* _Work order_
Exact reproduction required: the lines below from the line with "by (simp add: gbinomial_altdef_of_nat)" to the line with "(\<Sum>a\<in>A. c a", both ends included, and no others.

(Stored entries)
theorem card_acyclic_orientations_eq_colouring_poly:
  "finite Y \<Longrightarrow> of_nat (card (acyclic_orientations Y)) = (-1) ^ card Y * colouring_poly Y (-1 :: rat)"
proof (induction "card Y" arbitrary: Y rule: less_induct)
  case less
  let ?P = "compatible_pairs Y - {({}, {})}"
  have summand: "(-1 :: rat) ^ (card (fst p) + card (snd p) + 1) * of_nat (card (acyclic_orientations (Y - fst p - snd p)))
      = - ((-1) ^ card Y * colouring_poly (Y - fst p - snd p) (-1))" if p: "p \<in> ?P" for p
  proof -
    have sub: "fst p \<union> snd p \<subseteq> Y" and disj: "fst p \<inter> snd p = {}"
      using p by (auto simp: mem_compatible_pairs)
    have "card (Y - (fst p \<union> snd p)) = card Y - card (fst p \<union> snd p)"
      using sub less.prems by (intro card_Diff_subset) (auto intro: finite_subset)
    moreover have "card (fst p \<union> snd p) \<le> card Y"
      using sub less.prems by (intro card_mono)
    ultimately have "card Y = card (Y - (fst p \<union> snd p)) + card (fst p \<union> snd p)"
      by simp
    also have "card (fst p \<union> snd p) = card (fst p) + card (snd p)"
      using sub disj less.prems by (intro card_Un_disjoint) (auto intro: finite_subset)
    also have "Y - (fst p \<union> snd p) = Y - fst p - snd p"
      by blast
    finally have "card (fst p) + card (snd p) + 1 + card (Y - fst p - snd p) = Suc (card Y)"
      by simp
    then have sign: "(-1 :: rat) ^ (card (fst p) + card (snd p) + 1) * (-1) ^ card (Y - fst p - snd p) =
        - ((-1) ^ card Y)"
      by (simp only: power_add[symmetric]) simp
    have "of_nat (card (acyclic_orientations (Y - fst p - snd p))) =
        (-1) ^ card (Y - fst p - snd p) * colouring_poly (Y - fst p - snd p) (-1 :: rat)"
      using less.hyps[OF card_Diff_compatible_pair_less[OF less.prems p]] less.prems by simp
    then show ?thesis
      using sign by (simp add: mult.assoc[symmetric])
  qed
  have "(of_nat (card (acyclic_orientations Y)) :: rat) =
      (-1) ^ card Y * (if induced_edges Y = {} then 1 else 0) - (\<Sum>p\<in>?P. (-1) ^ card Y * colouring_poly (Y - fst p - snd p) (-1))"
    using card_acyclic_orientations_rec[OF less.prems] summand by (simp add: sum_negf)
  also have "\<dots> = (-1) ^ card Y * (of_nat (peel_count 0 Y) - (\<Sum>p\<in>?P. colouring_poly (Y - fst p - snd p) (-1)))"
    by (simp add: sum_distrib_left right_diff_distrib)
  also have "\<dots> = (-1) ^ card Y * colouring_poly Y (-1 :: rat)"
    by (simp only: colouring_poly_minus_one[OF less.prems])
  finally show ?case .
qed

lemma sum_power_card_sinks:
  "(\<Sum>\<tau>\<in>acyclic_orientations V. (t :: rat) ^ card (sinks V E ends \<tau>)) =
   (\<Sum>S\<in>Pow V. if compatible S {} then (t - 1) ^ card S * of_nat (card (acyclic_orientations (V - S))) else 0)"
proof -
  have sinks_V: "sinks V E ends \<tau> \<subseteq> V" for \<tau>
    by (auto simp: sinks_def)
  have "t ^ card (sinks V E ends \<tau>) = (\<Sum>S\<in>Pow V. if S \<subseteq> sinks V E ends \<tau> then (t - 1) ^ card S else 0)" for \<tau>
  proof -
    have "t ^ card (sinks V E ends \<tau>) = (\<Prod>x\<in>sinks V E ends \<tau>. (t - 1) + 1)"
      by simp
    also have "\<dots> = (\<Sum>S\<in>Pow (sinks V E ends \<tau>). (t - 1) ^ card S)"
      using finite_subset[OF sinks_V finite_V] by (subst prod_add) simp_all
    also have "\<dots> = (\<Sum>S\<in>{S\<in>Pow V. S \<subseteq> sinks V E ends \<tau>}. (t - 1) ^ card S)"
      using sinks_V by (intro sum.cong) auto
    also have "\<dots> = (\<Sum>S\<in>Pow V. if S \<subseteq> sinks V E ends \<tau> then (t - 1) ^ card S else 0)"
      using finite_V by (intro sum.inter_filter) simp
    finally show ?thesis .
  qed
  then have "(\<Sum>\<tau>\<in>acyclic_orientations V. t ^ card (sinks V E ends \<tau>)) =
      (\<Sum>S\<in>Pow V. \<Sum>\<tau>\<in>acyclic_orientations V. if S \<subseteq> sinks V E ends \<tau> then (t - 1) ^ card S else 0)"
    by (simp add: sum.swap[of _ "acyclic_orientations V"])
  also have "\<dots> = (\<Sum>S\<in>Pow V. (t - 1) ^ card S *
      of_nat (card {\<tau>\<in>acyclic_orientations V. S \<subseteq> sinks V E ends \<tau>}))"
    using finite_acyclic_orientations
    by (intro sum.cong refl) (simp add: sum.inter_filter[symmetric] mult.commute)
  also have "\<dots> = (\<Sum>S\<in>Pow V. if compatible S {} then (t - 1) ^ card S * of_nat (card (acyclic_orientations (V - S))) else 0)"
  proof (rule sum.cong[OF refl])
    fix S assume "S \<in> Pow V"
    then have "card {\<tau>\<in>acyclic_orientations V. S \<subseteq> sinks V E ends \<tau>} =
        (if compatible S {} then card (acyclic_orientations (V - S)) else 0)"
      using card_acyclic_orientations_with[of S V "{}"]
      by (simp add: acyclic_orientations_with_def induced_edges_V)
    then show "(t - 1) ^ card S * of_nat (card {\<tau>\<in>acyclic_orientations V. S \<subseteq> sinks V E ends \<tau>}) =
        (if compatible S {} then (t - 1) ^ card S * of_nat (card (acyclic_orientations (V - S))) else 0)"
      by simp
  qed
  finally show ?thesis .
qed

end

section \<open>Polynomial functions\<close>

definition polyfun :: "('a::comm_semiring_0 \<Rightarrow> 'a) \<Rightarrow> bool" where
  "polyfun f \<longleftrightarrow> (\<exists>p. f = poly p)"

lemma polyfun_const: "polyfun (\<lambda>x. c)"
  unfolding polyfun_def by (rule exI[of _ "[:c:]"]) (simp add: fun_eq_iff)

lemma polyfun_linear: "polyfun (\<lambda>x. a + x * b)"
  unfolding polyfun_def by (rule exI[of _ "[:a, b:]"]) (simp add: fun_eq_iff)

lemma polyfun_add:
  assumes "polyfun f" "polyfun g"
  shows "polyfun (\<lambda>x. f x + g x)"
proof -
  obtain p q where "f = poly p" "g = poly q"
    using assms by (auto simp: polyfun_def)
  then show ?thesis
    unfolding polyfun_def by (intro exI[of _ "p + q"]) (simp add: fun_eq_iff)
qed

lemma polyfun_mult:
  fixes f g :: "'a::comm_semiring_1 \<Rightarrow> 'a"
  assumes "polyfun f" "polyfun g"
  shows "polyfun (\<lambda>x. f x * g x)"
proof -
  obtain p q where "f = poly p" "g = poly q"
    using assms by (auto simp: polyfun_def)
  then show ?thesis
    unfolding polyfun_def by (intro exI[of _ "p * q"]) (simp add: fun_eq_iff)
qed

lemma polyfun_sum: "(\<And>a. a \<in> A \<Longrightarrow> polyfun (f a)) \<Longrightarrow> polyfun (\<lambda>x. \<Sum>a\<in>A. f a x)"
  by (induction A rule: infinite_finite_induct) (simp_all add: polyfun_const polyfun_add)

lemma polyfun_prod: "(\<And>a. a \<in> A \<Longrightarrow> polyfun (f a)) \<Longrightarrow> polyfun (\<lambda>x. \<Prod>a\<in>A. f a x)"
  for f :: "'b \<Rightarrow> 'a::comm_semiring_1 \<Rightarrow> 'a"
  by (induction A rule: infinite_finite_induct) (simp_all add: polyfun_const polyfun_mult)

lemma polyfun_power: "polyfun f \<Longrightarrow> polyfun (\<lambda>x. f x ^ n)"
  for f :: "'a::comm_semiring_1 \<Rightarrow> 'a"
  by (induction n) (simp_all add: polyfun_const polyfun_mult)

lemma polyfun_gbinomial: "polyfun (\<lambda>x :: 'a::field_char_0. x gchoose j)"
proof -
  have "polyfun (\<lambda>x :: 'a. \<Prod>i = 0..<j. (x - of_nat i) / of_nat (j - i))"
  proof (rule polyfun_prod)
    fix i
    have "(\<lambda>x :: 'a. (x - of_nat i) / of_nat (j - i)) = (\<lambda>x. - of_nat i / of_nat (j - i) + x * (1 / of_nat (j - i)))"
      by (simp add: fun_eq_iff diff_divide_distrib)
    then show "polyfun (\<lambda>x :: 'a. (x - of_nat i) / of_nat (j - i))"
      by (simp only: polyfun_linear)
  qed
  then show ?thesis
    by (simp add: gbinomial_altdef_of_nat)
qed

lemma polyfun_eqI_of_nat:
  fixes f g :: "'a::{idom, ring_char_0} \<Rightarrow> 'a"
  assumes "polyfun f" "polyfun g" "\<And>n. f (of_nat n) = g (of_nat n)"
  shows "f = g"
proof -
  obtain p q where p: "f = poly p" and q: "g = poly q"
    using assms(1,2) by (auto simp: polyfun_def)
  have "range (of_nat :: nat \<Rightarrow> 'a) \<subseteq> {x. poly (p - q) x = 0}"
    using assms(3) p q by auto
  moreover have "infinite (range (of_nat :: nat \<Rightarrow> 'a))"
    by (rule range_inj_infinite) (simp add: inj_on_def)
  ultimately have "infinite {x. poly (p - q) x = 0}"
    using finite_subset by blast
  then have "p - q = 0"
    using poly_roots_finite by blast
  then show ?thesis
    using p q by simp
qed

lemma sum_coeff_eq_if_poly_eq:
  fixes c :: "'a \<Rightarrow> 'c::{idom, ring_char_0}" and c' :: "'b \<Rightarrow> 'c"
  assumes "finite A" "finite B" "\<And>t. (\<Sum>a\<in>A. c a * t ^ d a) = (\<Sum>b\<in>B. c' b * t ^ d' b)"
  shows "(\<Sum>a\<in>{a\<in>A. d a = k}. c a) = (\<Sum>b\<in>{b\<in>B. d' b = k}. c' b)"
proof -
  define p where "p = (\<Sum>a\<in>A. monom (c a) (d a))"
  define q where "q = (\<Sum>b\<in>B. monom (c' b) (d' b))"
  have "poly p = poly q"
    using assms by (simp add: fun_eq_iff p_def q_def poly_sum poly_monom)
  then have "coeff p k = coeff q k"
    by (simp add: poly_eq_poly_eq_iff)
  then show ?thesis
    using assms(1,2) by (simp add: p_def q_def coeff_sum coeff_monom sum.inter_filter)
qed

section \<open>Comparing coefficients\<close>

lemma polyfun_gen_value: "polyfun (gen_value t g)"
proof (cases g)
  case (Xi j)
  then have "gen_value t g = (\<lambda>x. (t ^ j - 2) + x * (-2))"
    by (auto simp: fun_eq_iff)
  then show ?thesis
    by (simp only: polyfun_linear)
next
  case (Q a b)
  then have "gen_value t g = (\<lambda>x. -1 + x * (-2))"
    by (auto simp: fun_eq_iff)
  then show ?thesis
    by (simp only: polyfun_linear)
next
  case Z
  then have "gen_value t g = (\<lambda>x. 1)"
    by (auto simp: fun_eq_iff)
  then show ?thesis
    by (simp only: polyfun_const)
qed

* _Reply_
    by (simp add: gbinomial_altdef_of_nat)
qed

lemma polyfun_eqI_of_nat:
  fixes f g :: "'a::{idom, ring_char_0} \<Rightarrow> 'a"
  assumes "polyfun f" "polyfun g" "\<And>n. f (of_nat n) = g (of_nat n)"
  shows "f = g"
proof -
  obtain p q where p: "f = poly p" and q: "g = poly q"
    using assms(1,2) by (auto simp: polyfun_def)
  have "range (of_nat :: nat \<Rightarrow> 'a) \<subseteq> {x. poly (p - q) x = 0}"
    using assms(3) p q by auto
  moreover have "infinite (range (of_nat :: nat \<Rightarrow> 'a))"
    by (rule range_inj_infinite) (simp add: inj_on_def)
  ultimately have "infinite {x. poly (p - q) x = 0}"
    using finite_subset by blast
  then have "p - q = 0"
    using poly_roots_finite by blast
  then show ?thesis
    using p q by simp
qed

lemma sum_coeff_eq_if_poly_eq:
  fixes c :: "'a \<Rightarrow> 'c::{idom, ring_char_0}" and c' :: "'b \<Rightarrow> 'c"
  assumes "finite A" "finite B" "\<And>t. (\<Sum>a\<in>A. c a * t ^ d a) = (\<Sum>b\<in>B. c' b * t ^ d' b)"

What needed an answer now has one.